#### PROVIDED DATA
(* Let $X,X_1,X_2,\dots$ be i.i.d. real random variables with $EX=0$ and $E|X|^{2+\varepsilon}<\infty$ for some $\varepsilon>0$. Let $\mu>0$, $m\ge1$, $\delta\in(0,1/2]$ and $\alpha$ satisfy $2<\alpha\le(2+\varepsilon)(1-\delta)$, and assume $$\frac{6\cdot 2^{\alpha}}{(\alpha-1)(m+1)^{\alpha-1}\mu}\,E\big[(X^+)^{2+\varepsilon}\big]\le1.$$ Let $n_k=2^{k-1}$ for $k\ge1$, $\bar G(t)=\int_t^\infty (1+s)^{-\alpha}\,ds$, and $$g(k)=\frac{\bar G(m+\mu n_{k-1})-\bar G(m+\mu n_k)}{\bar G(m+\mu n_1)},\qquad k\ge2,$$ and $A_k=\bigcup_{j=n_{k-1}}^{n_k-1}\{X_j>(\mu j+m)^{1-\delta}\}$. Then $$\frac{3P(A_k)}{g(k)}\le1\qquad\text{for all }k\ge2.$$
   Context: $X^+=\max(X,0)$. $g$ is a probability mass function on $\{2,3,\dots\}$ (it is the law of the dyadic block containing a level associated with a Pareto random variable $Y$ with $P(Y>y)=(1+y)^{-\alpha}$, $y\ge0$). *)

theory Defs
  imports "HOL-Probability.Probability"
begin

definition Gbar :: "real \<Rightarrow> real \<Rightarrow> real" where
  "Gbar \<alpha> t = (LBINT s:{t..}. (1 + s) powr (-\<alpha>))"

definition nk :: "nat \<Rightarrow> nat" where
  "nk k = 2 ^ (k - 1)"

definition gblock :: "real \<Rightarrow> real \<Rightarrow> real \<Rightarrow> nat \<Rightarrow> real" where
  "gblock \<alpha> m \<mu> k =
     (Gbar \<alpha> (m + \<mu> * real (nk (k - 1))) - Gbar \<alpha> (m + \<mu> * real (nk k)))
       / Gbar \<alpha> (m + \<mu> * real (nk 1))"

definition Ablock :: "'a measure \<Rightarrow> (nat \<Rightarrow> 'a \<Rightarrow> real) \<Rightarrow> real \<Rightarrow> real \<Rightarrow> real \<Rightarrow> nat \<Rightarrow> 'a set" where
  "Ablock M X \<mu> m \<delta> k =
     (\<Union>j\<in>{nk (k - 1) .. nk k - 1}. {\<omega> \<in> space M. X j \<omega> > (\<mu> * real j + m) powr (1 - \<delta>)})"

end

theory Submission
  imports Defs "HOL-Real_Asymp.Real_Asymp"
begin

(*
  By the union bound and Markov's
  inequality for the (2+eps)-th moment of the positive part, each of the n_{k-1} events
  making up A_k has probability at most E[(X^+)^(2+eps)] / (m + mu n_{k-1})^alpha, since
  (2+eps)(1-delta) >= alpha. On the other side Gbar(t) = (1+t)^(1-alpha)/(alpha-1), and the
  mean value theorem bounds the increment of Gbar over [m + mu n_{k-1}, m + 2 mu n_{k-1}]
  from below by mu n_{k-1} (1 + m + 2 mu n_{k-1})^(-alpha) >= mu n_{k-1} 2^(-alpha)
  (m + mu n_{k-1})^(-alpha), using m >= 1. The moment hypothesis is exactly what makes the
  two bounds meet.
*)

lemma nk_ge_1: "nk k \<ge> 1"
  by (simp add: nk_def)

lemma nk_eq_double_pred:
  assumes "k \<ge> 2"
  shows "nk k = 2 * nk (k - 1)"
proof -
  obtain q where "k = Suc (Suc q)"
    using assms by (metis add_2_eq_Suc le_Suc_ex)
  then show ?thesis
    by (simp add: nk_def)
qed

lemma has_integral_shifted_powr_tail:
  fixes t a :: real
  assumes "a > 1" "t > -1"
  shows "((\<lambda>s. (1 + s) powr (-a)) has_integral (1 + t) powr (1 - a) / (a - 1)) {t..}"
proof (rule has_integral_to_inf)
  define F where "F \<equiv> \<lambda>x::real. (1 + x) powr (1 - a) / (1 - a)"
  have FTC: "((\<lambda>s. (1 + s) powr (-a)) has_integral (F y - F t)) {t..y}" if "y \<ge> t" for y
  proof (intro fundamental_theorem_of_calculus that)
    fix x assume x: "x \<in> {t..y}"
    have "((\<lambda>x. (1 + x) powr (1 - a) / (1 - a)) has_real_derivative
            ((1 - a) * (1 + x) powr (1 - a - 1) * (0 + 1)) / (1 - a)) (at x)"
      using x assms by (intro derivative_eq_intros) auto
    moreover have "((1 - a) * (1 + x) powr (1 - a - 1) * (0 + 1)) / (1 - a) = (1 + x) powr (-a)"
      using assms by simp
    ultimately show "(F has_vector_derivative (1 + x) powr (-a)) (at x within {t..y})"
      unfolding F_def
      by (metis has_field_derivative_at_within has_real_derivative_iff_has_vector_derivative)
  qed
  then show "(\<lambda>s. (1 + s) powr (-a)) integrable_on {t..y}" for y
    by (cases "y \<ge> t") (auto simp: integrable_on_def)
  have "\<forall>\<^sub>F y in at_top. integral {t..y} (\<lambda>s. (1 + s) powr (-a)) = F y - F t"
    using FTC by (meson eventually_at_top_linorderI integral_unique)
  moreover have "((\<lambda>y::real. F y - F t) \<longlongrightarrow> - F t) at_top"
    using assms unfolding F_def by real_asymp
  moreover have "- F t = (1 + t) powr (1 - a) / (a - 1)"
    unfolding F_def using assms by (simp add: divide_simps algebra_simps)
  ultimately show "((\<lambda>y. integral {t..y} (\<lambda>s. (1 + s) powr (-a)))
                      \<longlongrightarrow> (1 + t) powr (1 - a) / (a - 1)) at_top"
    by (simp add: tendsto_cong)
qed auto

#### ASSIGNMENT
Every line of the listing that includes "intro" must be shown.

#### EXERCISE OUTPUT
  proof (intro fundamental_theorem_of_calculus that)
      using x assms by (intro derivative_eq_intros) auto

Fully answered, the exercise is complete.